_Assignment_
What is needed is each line of the data below that holds the string "Longrightarrow".

_Recorded information_
lemma sum_esym_delete:
  assumes "finite S"
  shows "(\<Sum>x\<in>S. esym r (S - {x}) :: 'k::comm_ring_1 mpoly) = of_nat (card S - r) * esym r S"
proof -
  define A where "A = {T. T \<subseteq> S \<and> card T = r}"
  define P :: "nat set \<Rightarrow> 'k mpoly" where "P T = (\<Prod>i\<in>T. var i)" for T
  have finA: "finite A"
    using assms unfolding A_def by simp
  have "(\<Sum>x\<in>S. esym r (S - {x})) = (\<Sum>x\<in>S. \<Sum>T\<in>A. if x \<notin> T then P T else 0)"
  proof (rule sum.cong[OF refl])
    fix x
    have "{T. T \<subseteq> S - {x} \<and> card T = r} = A \<inter> {T. x \<notin> T}"
      unfolding A_def by blast
    then show "esym r (S - {x}) = (\<Sum>T\<in>A. if x \<notin> T then P T else 0)"
      unfolding esym_def P_def by (simp add: sum.inter_restrict[OF finA])
  qed
  also have "\<dots> = (\<Sum>T\<in>A. \<Sum>x\<in>S. if x \<notin> T then P T else 0)"
    by (rule sum.swap)
  also have "\<dots> = (\<Sum>T\<in>A. of_nat (card S - r) * P T)"
  proof (rule sum.cong[OF refl])
    fix T assume "T \<in> A"
    then have "T \<subseteq> S" "card T = r"
      unfolding A_def by auto
    then have "card (S - T) = card S - r"
      using assms by (simp add: card_Diff_subset finite_subset)
    moreover have "S \<inter> {x. x \<notin> T} = S - T"
      by blast
    ultimately show "(\<Sum>x\<in>S. if x \<notin> T then P T else 0) = of_nat (card S - r) * P T"
      using sum.inter_restrict[OF assms, of "\<lambda>_. P T" "{x. x \<notin> T}"] by simp
  qed
  also have "\<dots> = of_nat (card S - r) * esym r S"
    unfolding esym_def A_def P_def by (simp add: sum_distrib_left)
  finally show ?thesis .
qed

lemma esym_mem_of_deletions:
  fixes I :: "'k::field_char_0 mpoly set"
  assumes I: "is_poly_ideal n I" and S: "finite S" "r < card S"
    and deletions: "\<And>x. x \<in> S \<Longrightarrow> esym r (S - {x}) \<in> I"
  shows "esym r S \<in> I"
proof (rule poly_ideal_of_nat_mult_cancel[OF I])
  show "0 < card S - r" using S by simp
  have "(\<Sum>x\<in>S. esym r (S - {x})) \<in> I"
    by (rule poly_ideal_sum[OF I deletions])
  then show "of_nat (card S - r) * esym r S \<in> I"
    by (simp only: sum_esym_delete[OF S(1)])
qed

lemma prod_var_mem_M_ideal:
  assumes S: "S \<subseteq> {..<n}" "n - part lam 1 + 1 \<le> card S"
  shows "(\<Prod>i\<in>S. var i) \<in> M_ideal n lam"
proof -
  obtain T where T: "T \<subseteq> S" "card T = n - part lam 1 + 1"
    using obtain_subset_with_card_n[OF S(2)] by metis
  have "(\<Prod>i\<in>S. var i) = (\<Prod>i\<in>S - T. var i) * (\<Prod>i\<in>T. var i)"
    using S(1) T(1) by (intro prod.subset_diff) (auto intro: finite_subset)
  also have "\<dots> \<in> M_ideal n lam"
    unfolding M_ideal_def
  proof (rule poly_ideal_mult[OF ideal_gen_is_poly_ideal])
    show "(\<Prod>i\<in>S - T. var i) \<in> polyring n"
      using S(1) by (intro prod_var_in_polyring) auto
    show "(\<Prod>i\<in>T. var i) \<in> ideal_gen n {\<Prod>i\<in>S. var i |S. S \<subseteq> {..<n} \<and> card S = n - part lam 1 + 1}"
      using S(1) T by (intro ideal_gen_generator) blast
  qed
  finally show ?thesis .
qed

lemma esym_mem_DP_ideal:
  assumes "S \<subseteq> {..<n}" "card S = m" "1 \<le> m" "m \<le> n" "r \<le> m"
    and "int m - int (delta n lam m) < int r"
  shows "esym r S \<in> DP_ideal n lam"
proof -
  have "esym r S \<in> esym_set n r m"
    unfolding esym_set_def using assms(1,2) by blast
  then show ?thesis
    unfolding DP_ideal_def using assms(3-6) by (intro ideal_gen_generator) blast
qed

lemma DP_ideal_is_poly_ideal: "is_poly_ideal n (DP_ideal n lam)"
  unfolding DP_ideal_def by (rule ideal_gen_is_poly_ideal)

subsection \<open>Partitions and the regular filling\<close>

locale partition_of =
  fixes n :: nat and lam :: "nat list"
  assumes is_partition: "is_partition n lam" and n_pos: "1 \<le> n"
begin

lemma lam_nonempty: "lam \<noteq> []"
  using is_partition n_pos unfolding is_partition_def by auto

lemma part_le_first: "part lam j \<le> part lam 1"
proof (cases "2 \<le> j \<and> j \<le> length lam")
  case True
  then have "lam ! (j - 1) \<le> lam ! 0"
    using is_partition sorted_wrt_nth_less[of "(\<ge>)" lam 0 "j - 1"]
    unfolding is_partition_def by auto
  then show ?thesis
    using True unfolding part_def by simp
qed (auto simp: part_def)

lemma part_pos:
  assumes "1 \<le> j" "j \<le> length lam"
  shows "0 < part lam j"
proof -
  have "lam ! (j - 1) \<in> set lam"
    using assms by simp
  then have "lam ! (j - 1) \<noteq> 0"
    using is_partition unfolding is_partition_def by metis
  then show ?thesis
    using assms unfolding part_def by simp
qed

lemma part_le_n: "part lam j \<le> n"
  using is_partition unfolding part_def is_partition_def by (auto intro: elem_le_sum_list)

lemma first_part_pos: "0 < part lam 1"
  using part_pos[of 1] lam_nonempty by (simp add: Suc_leI)

lemma conj_pos: "i \<le> part lam 1 \<Longrightarrow> 0 < conj lam i"
  unfolding conj_def using lam_nonempty
  by (intro card_gt_0_iff[THEN iffD2]) (auto intro!: exI[of _ 1] simp: Suc_leI)

lemma conj_eq_0:
  assumes "part lam 1 < i"
  shows "conj lam i = 0"
proof -
  have "\<not> i \<le> part lam j" for j
    using assms part_le_first[of j] by linarith
  then show ?thesis
    unfolding conj_def by simp
qed

lemma conj_1: "conj lam 1 = length lam"
proof -
  have "{j. 1 \<le> j \<and> j \<le> length lam \<and> 1 \<le> part lam j} = {1..length lam}"
    using part_pos by (auto simp: Suc_leI)
  then show ?thesis
    unfolding conj_def by simp
qed

lemma sum_conj: "(\<Sum>i=1..n. conj lam i) = n"
proof -
  have "(\<Sum>i=1..n. conj lam i) = (\<Sum>i=1..n. \<Sum>j=1..length lam. if i \<le> part lam j then 1 else 0)"
    unfolding conj_def by (intro sum.cong) (auto simp: sum.If_cases Int_def conj_ac)
  also have "\<dots> = (\<Sum>j=1..length lam. \<Sum>i=1..n. if i \<le> part lam j then 1 else 0)"
    by (rule sum.swap)
  also have "\<dots> = (\<Sum>j=1..length lam. part lam j)"
  proof (rule sum.cong[OF refl])
    fix j
    have "{1..n} \<inter> {i. i \<le> part lam j} = {1..part lam j}"
      using part_le_n[of j] by auto
    then show "(\<Sum>i=1..n. if i \<le> part lam j then 1 else 0) = part lam j"
      by (simp add: sum.If_cases Int_def)
  qed
  also have "\<dots> = (\<Sum>j<length lam. lam ! j)"
    unfolding sum.atLeast1_atMost_eq[where g = "part lam", simplified One_nat_def[symmetric]]
    by (rule sum.cong) (auto simp: part_def)
  also have "\<dots> = n"
    using is_partition unfolding is_partition_def by (simp add: sum_list_sum_nth atLeast0LessThan)
  finally show ?thesis .
qed

lemma delta_0: "delta n lam 0 = 0"
  unfolding delta_def by simp

lemma delta_n: "delta n lam n = n"
  unfolding delta_def using sum_conj by simp

lemma delta_step:
  assumes "1 \<le> m" "m \<le> n"
  shows "delta n lam m = delta n lam (m - 1) + conj lam (n - m + 1)"
proof -
  have "delta n lam m = conj lam (n - m + 1) + (\<Sum>i = Suc (n - m + 1)..n. conj lam i)"
    unfolding delta_def by (rule sum.atLeast_Suc_atMost) (use assms in auto)
  moreover have "Suc (n - m + 1) = n - (m - 1) + 1"
    using assms by auto
  ultimately show ?thesis
    unfolding delta_def by simp
qed

lemma delta_add_sum_conj: "m \<le> n \<Longrightarrow> delta n lam m + (\<Sum>i=1..n-m. conj lam i) = n"
proof (induction m)
  case 0
  then show ?case using delta_0 sum_conj by simp
next
  case (Suc m)
  then have "n - m = Suc (n - Suc m)"
    by auto
  then show ?case
    using Suc delta_step[of "Suc m"] by simp
qed

lemma delta_pos_imp_less_first_part:
  assumes "0 < delta n lam m"
  shows "n - m < part lam 1"
proof (rule ccontr)
  assume "\<not> n - m < part lam 1"
  then have "conj lam i = 0" if "n - m + 1 \<le> i" for i
    using that by (intro conj_eq_0) simp
  then have "delta n lam m = 0"
    unfolding delta_def by (intro sum.neutral) auto
  with assms show False
    by simp
qed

_Task response_
    and deletions: "\<And>x. x \<in> S \<Longrightarrow> esym r (S - {x}) \<in> I"
lemma conj_pos: "i \<le> part lam 1 \<Longrightarrow> 0 < conj lam i"
lemma delta_add_sum_conj: "m \<le> n \<Longrightarrow> delta n lam m + (\<Sum>i=1..n-m. conj lam i) = n"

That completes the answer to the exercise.